Monday, June 10, 2013

Apache Oozie - Part 2: Workflow - hive action

What's covered in the blog?

1. Documentation on the Oozie hive action
2. A sample workflow that includes fs action, email action, and hive action (query against some syslog generated log files).  

Version: 
Oozie 3.3.0

My other blogs on Oozie:

Blog 1: Oozie workflow - hdfs and email actions
Blog 2: Oozie workflow - hdfs, email and hive actions
Blog 3: Oozie workflow - sqoop action (Hive-mysql; sqoop export)
Blog 4: Oozie workflow - java map-reduce (new API) action
Blog 5: Oozie workflow - streaming map-reduce (python) action 
Blog 6: Oozie workflow - java main action
Blog 7: Oozie workflow - Pig action
Blog 8: Oozie sub-workflow
Blog 9a: Oozie coordinator job - time-triggered sub-workflow, fork-join control and decision control
Blog 9b: Oozie coordinator jobs - file triggered 
Blog 9c: Oozie coordinator jobs - dataset availability triggered
Blog 10: Oozie bundle jobs
Blog 11: Oozie Java API for interfacing with oozie workflows
Blog 12: Oozie workflow - shell action +passing output from one action to another
Blog 13: Oozie workflow - SSH action


Your thoughts/updates:
If you want to share your thoughts/updates, email me at airawat.blog@gmail.com.

About the Hive action

http://archive.cloudera.com/cdh4/cdh/4/oozie/DG_HiveActionExtension.html

Salient features of the hive action:

- Runs the specified hive job synchronously (the workflow job will wait until the Hive job completes before continuing to the next action).
- Can be configured to create or delete HDFS directories before starting the Hive job.
- Supports Hive scripts with parameter variables, their syntax is ${VARIABLES} .
- Hive configuration needs to be specified as part of the job submission
Oozie EL expressions can be used in the inline configuration.
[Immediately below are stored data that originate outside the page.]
lemma periodic_setE:
  assumes "periodic_set S"
  obtains p :: int where "p > 0" "\<And>s i k. s \<in> S \<Longrightarrow> s + (\<lambda>j. int k * p * unit_vec i j) \<in> S"
proof -
  obtain p :: int where "p > 0" and step: "\<And>s i. s \<in> S \<longleftrightarrow> (\<lambda>j. s j + p * unit_vec i j) \<in> S"
    using assms unfolding periodic_set_def by blast
  have "s + (\<lambda>j. int k * p * unit_vec i j) \<in> S" if "s \<in> S" for s i k
  proof (induction k)
    case 0
    show ?case using that by (simp add: zero_fun_def[symmetric])
  next
    case (Suc k)
    have "s + (\<lambda>j. int (Suc k) * p * unit_vec i j)
        = (\<lambda>j. (s + (\<lambda>j. int k * p * unit_vec i j)) j + p * unit_vec i j)"
      by (simp add: fun_eq_iff algebra_simps)
    with Suc show ?case
      using step by simp
  qed
  with \<open>p > 0\<close> show ?thesis
    using that by blast
qed

lemma lepoll_nat_set_set: "(X :: 'a::countable set set) \<lesssim> (UNIV :: nat set set)"
  unfolding lepoll_def
  by (rule exI[of _ "image to_nat"]) (auto simp: inj_on_def inj_image_eq_iff[OF inj_to_nat])


locale odd_weight_code =
  fixes pos :: "'n::finite \<Rightarrow> nat" and N :: nat
  assumes pos_bij: "bij_betw pos UNIV {0..<N}" and two_le_N: "2 \<le> N"
begin

definition weight :: "'n \<Rightarrow> int" where
  "weight i = 2 * int (pos i) + 1"

definition alt_sign :: "'n \<Rightarrow> int" where
  "alt_sign i = (-1) ^ pos i"

definition lattice :: "('n \<Rightarrow> int) set" where
  "lattice = {x. 4 * int N dvd dot weight x}"

definition coord :: "nat \<Rightarrow> 'n" where
  "coord = inv_into UNIV pos"

definition tile :: "('n \<Rightarrow> int) set" where
  "tile = double_sphere 0 (unit_vec (coord 0))"

definition shift :: "'n \<Rightarrow> int" where
  "shift = unit_vec (coord 0) + unit_vec (coord 1)"

definition marks :: "nat set \<Rightarrow> int set" where
  "marks A = insert 0 ((\<lambda>a. 4 * int N * (int a + 1)) ` A)"

definition offset :: "nat set \<Rightarrow> ('n \<Rightarrow> int) \<Rightarrow> ('n \<Rightarrow> int)" where
  "offset A v = (if dot alt_sign v \<in> marks A then shift else 0)"

definition code :: "nat set \<Rightarrow> ('n \<Rightarrow> int) set" where
  "code A = {v + offset A v | v. v \<in> lattice}"

lemma pos_less: "pos i < N"
  using pos_bij by (auto simp: bij_betw_def)

lemma pos_coord: "k < N \<Longrightarrow> pos (coord k) = k"
  unfolding coord_def using pos_bij by (simp add: bij_betw_inv_into_right)

lemma weight_coord: "k < N \<Longrightarrow> weight (coord k) = 2 * int k + 1"
  by (simp add: weight_def pos_coord)

lemma alt_sign_coord: "k < N \<Longrightarrow> alt_sign (coord k) = (-1) ^ k"
  by (simp add: alt_sign_def pos_coord)

lemma weight_coord_0: "weight (coord 0) = 1"
  using two_le_N by (simp add: weight_coord)

lemma alt_sign_coord_0: "alt_sign (coord 0) = 1"
  using two_le_N by (simp add: alt_sign_coord)

lemma coord_0_ne_coord_1: "coord 0 \<noteq> coord 1"
  using pos_coord[of 0] pos_coord[of 1] two_le_N by fastforce

lemma weight_inj: "weight i = weight j \<Longrightarrow> i = j"
  using pos_bij by (auto simp: weight_def bij_betw_def inj_def)

lemma weight_pos: "0 < weight i"
  by (simp add: weight_def)

lemma abs_weight_le: "\<bar>weight i\<bar> \<le> 2 * int N - 1"
  using pos_less[of i] by (simp add: weight_def)

lemma odd_weight: "odd (weight i)"
  by (simp add: weight_def)

lemma weight_surj:
  assumes "odd t" "0 < t" "t < 2 * int N"
  obtains i where "weight i = t"
proof -
  obtain k where k: "t = 2 * k + 1"
    using assms(1) oddE by blast
  with assms(2,3) have "nat k < N" "t = 2 * int (nat k) + 1"
    by auto
  then have "weight (coord (nat k)) = t"
    by (simp add: weight_coord)
  then show ?thesis
    by (rule that)
qed

lemma abs_alt_sign: "\<bar>alt_sign i\<bar> = 1"
  by (simp add: alt_sign_def)

lemma odd_alt_sign: "odd (alt_sign i)"
  by (simp add: alt_sign_def)

lemma weight_alt_sign_mod_4: "4 dvd weight i + alt_sign i - 2"
proof (cases "even (pos i)")
  case True
  then obtain k where "pos i = 2 * k" by blast
  then show ?thesis by (simp add: weight_def alt_sign_def)
next
  case False
  then obtain k where "pos i = 2 * k + 1" using oddE by blast
  then show ?thesis by (simp add: weight_def alt_sign_def)
qed

text \<open>Since weight i + alt_sign i is 2 modulo 4, the alternating sum S is congruent to
  twice the coordinate sum T modulo 4, and S and T both have the parity of the Lee norm;
  this rules out S = \<plusminus>2.\<close>
lemma alt_sum_eq_0_if_short:
  assumes "lee_norm z \<le> 3" "4 dvd dot weight z"
  shows "dot alt_sign z = 0"
proof -
  define S where "S = dot alt_sign z"
  define T where "T = dot (\<lambda>_. 1) z"
  have "4 dvd dot (\<lambda>i. weight i + alt_sign i) z - dot (\<lambda>_. 2) z"
    by (rule dvd_dot_diff) (rule weight_alt_sign_mod_4)
  then have "4 dvd dot weight z + S - 2 * T"
    by (simp add: S_def T_def dot_def distrib_right sum.distrib sum_distrib_left)
  with assms(2) have "4 dvd S - 2 * T"
    by presburger
  moreover have "even (S - lee_norm z)" "even (T - lee_norm z)"
    unfolding S_def T_def by (intro even_dot_diff_lee_norm; simp add: odd_alt_sign)+
  then have "even (S - T)"
    by presburger
  moreover have "\<bar>S\<bar> \<le> 3"
    using abs_dot_le[of alt_sign 1 z] abs_alt_sign assms(1) by (simp add: S_def)
  ultimately show ?thesis
    unfolding S_def[symmetric] by presburger
qed

text \<open>Parity forces Lee norm 2, the size of the weights then forces weighted sum 0, and two
  distinct positive weights cannot cancel.\<close>
lemma lattice_short_eq_0:
  assumes "d \<in> lattice" "lee_norm d \<le> 3"
  shows "d = 0"
proof (rule ccontr)
  assume "d \<noteq> 0"
  have dvd: "4 * int N dvd dot weight d"
    using assms(1) by (simp add: lattice_def)
  then have "4 dvd dot weight d"
    using dvd_mult_left by blast
  moreover have "even (dot weight d - lee_norm d)"
    by (intro even_dot_diff_lee_norm odd_weight)
  moreover have "lee_norm d \<noteq> 0"
    using \<open>d \<noteq> 0\<close> lee_norm_eq_0_iff by blast
  ultimately have norm_2: "lee_norm d = 2"
    using assms(2) lee_norm_nonneg[of d] by presburger
  have "\<bar>dot weight d\<bar> \<le> (2 * int N - 1) * lee_norm d"
    by (intro abs_dot_le abs_weight_le)
  also have "\<dots> < \<bar>4 * int N\<bar>"
    using norm_2 by simp
  finally have "\<bar>dot weight d\<bar> < \<bar>4 * int N\<bar>" .
  then have dot_0: "dot weight d = 0"
    using dvd_imp_le_int[OF _ dvd] by fastforce
  obtain i j s t where st: "\<bar>s\<bar> = 1" "\<bar>t\<bar> = 1"
    and d: "d = (\<lambda>k. s * unit_vec i k) + (\<lambda>k. t * unit_vec j k)"
    using lee_norm_eq_2E[OF norm_2] .
  have "s * weight i + t * weight j = 0"
    using dot_0 by (simp add: d dot_add dot_scaled_unit_vec)
  then have "weight i = weight j \<and> t = - s"
    using st weight_pos[of i] weight_pos[of j] by (auto simp: abs_if split: if_splits)
  then have "d = 0"
    using weight_inj by (auto simp: d fun_eq_iff)
  with \<open>d \<noteq> 0\<close> show False ..
qed

lemma marks_nonneg: "m \<in> marks A \<Longrightarrow> 0 \<le> m"
  by (auto simp: marks_def)

lemma mem_tile_iff: "u \<in> tile \<longleftrightarrow> lee_norm u \<le> 1 \<or> lee_norm (u - unit_vec (coord 0)) \<le> 1"
  by (simp add: tile_def double_sphere_def lee_sphere1_iff)

lemma zero_mem_tile: "0 \<in> tile"
  by (simp add: mem_tile_iff lee_norm_def)

lemma tile_hits_odd_residue:
  assumes "odd r" "0 \<le> r" "r < 4 * int N"
  shows "\<exists>u\<in>tile. dot weight u = r \<or> dot weight u = r - 4 * int N"
proof (cases "r < 2 * int N")
  case True
  moreover have "0 < r"
    using assms(1,2) by (cases "r = 0") auto
  ultimately obtain i where "weight i = r"
    using assms(1) by (blast intro: weight_surj)
  moreover have "unit_vec i \<in> tile"
    by (simp add: mem_tile_iff lee_norm_unit_vec)
  ultimately show ?thesis
    by (intro bexI[of _ "unit_vec i"]) (simp_all add: dot_unit_vec)
next
  case False
  then have "odd (4 * int N - r)" "0 < 4 * int N - r" "4 * int N - r < 2 * int N"
    using assms by presburger+
  then obtain i where "weight i = 4 * int N - r"
    by (rule weight_surj)
  moreover have "- unit_vec i \<in> tile"
    by (simp add: mem_tile_iff lee_norm_minus lee_norm_unit_vec)
  ultimately show ?thesis
    by (intro bexI[of _ "- unit_vec i"]) (simp_all add: dot_minus dot_unit_vec)
qed

lemma tile_hits_even_residue:
  assumes "even r" "0 \<le> r" "r < 4 * int N"
  shows "\<exists>u\<in>tile. dot weight u = r \<or> dot weight u = r - 4 * int N"
proof -
  let ?e0 = "unit_vec (coord 0)"
  consider "r = 0" | "0 < r" "r \<le> 2 * int N" | "2 * int N < r"
    using assms(2) by linarith
  then show ?thesis
  proof cases
    case 1
    then show ?thesis
      by (intro bexI[of _ 0] zero_mem_tile) (simp add: dot_zero)
  next
    case 2
    then have "odd (r - 1)" "0 < r - 1" "r - 1 < 2 * int N"
      using assms(1) by presburger+
    then obtain i where "weight i = r - 1"
      by (rule weight_surj)
    moreover have "?e0 + unit_vec i \<in> tile"
      by (simp add: mem_tile_iff lee_norm_unit_vec)
    ultimately show ?thesis
      by (intro bexI[of _ "?e0 + unit_vec i"]) (simp_all add: dot_add dot_unit_vec weight_coord_0)
  next
    case 3
    then have "odd (4 * int N - r + 1)" "0 < 4 * int N - r + 1" "4 * int N - r + 1 < 2 * int N"
      using assms by presburger+
    then obtain i where "weight i = 4 * int N - r + 1"
      by (rule weight_surj)
    moreover have "?e0 - unit_vec i \<in> tile"
      by (simp add: mem_tile_iff lee_norm_minus lee_norm_unit_vec)
    ultimately show ?thesis
      by (intro bexI[of _ "?e0 - unit_vec i"]) (simp_all add: dot_diff dot_unit_vec weight_coord_0)
  qed
qed

lemma tile_hits_residue:
  obtains u where "u \<in> tile" "t mod (4 * int N) = dot weight u mod (4 * int N)"
proof -
  define r where "r = t mod (4 * int N)"
  have "0 \<le> r" "r < 4 * int N"
    using two_le_N by (simp_all add: r_def)
  then obtain u where "u \<in> tile" "dot weight u = r \<or> dot weight u = r - 4 * int N"
    using tile_hits_odd_residue tile_hits_even_residue by blast
  then show ?thesis
    by (intro that[of u]) (auto simp: r_def)
qed

lemma translate_tiling_lattice_tile: "translate_tiling lattice tile"
  unfolding translate_tiling_def
proof (intro conjI allI ballI impI)
  fix x
  obtain u where "u \<in> tile" "dot weight x mod (4 * int N) = dot weight u mod (4 * int N)"
    by (rule tile_hits_residue)
  then have "x - u \<in> lattice"
    by (simp add: lattice_def dot_diff mod_eq_dvd_iff)
  with \<open>u \<in> tile\<close> show "\<exists>v\<in>lattice. \<exists>u\<in>tile. x = v + u"
    by (metis diff_add_cancel)
next
  fix v w u u'
  assume "v \<in> lattice" "w \<in> lattice" "u \<in> tile" "u' \<in> tile" "v + u = w + u'"
  then have "v - w = u' - u" "v - w \<in> lattice"
    by (auto simp: algebra_simps lattice_def dot_diff)
  moreover have "lee_norm (u' - u) \<le> 3"
    using double_sphere_diam[OF lee_dist_0_unit_vec] \<open>u \<in> tile\<close> \<open>u' \<in> tile\<close>
    by (simp add: tile_def lee_dist_eq_lee_norm)
  ultimately show "v = w"
    using lattice_short_eq_0 by fastforce
qed

lemma ds_copy_tile: "ds_copy tile"
  unfolding ds_copy_def tile_def
  by (intro exI[of _ id] exI[of _ 0] exI[of _ "unit_vec (coord 0)"])
     (simp add: lee_isometry_def lee_dist_0_unit_vec)

lemma shift_mem_tile: "shift \<in> tile"
  by (simp add: mem_tile_iff shift_def lee_norm_unit_vec)

lemma dot_weight_shift: "dot weight shift = 4"
  using two_le_N by (simp add: shift_def dot_add dot_unit_vec weight_coord)

lemma dot_alt_sign_shift: "dot alt_sign shift = 0"
  using two_le_N by (simp add: shift_def dot_add dot_unit_vec alt_sign_coord)

lemma shift_ne_0: "shift \<noteq> 0"
proof
  assume "shift = 0"
  then have "shift (coord 0) = 0"
    by simp
  then show False
    using coord_0_ne_coord_1 by (simp add: shift_def unit_vec_def)
qed

lemma offset_mem_tile: "offset A v \<in> tile"
  by (simp add: offset_def shift_mem_tile zero_mem_tile)

lemma dvd_dot_weight_offset: "4 dvd dot weight (offset A v)"
  by (simp add: offset_def dot_weight_shift dot_zero)

lemma dot_alt_sign_offset: "dot alt_sign (offset A v) = 0"
  by (simp add: offset_def dot_alt_sign_shift dot_zero)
Property values specified in the configuration element override values specified in the job-xml file.
Note that Hadoop mapred.job.tracker and fs.default.name properties must not be present in the inline configuration.
As with Hadoop map-reduce jobs, it is possible to add files and archives in order to make them available to the Hive job. 

Components of a workflow with hive action:

For a workflow with (just a) hive action, the following are required:
1.  workflow.xml
2.  job.properties
3.  Any files, archives, jars you want to add
4.  hive-site.xml
5.  Hive query scripts

Refer sample program below.

Sample program

Highlights:

The workflow application runs a report on data in Hive.  The input is log data (Syslog generated) in Hive, output is a table containing the report results in Hive. 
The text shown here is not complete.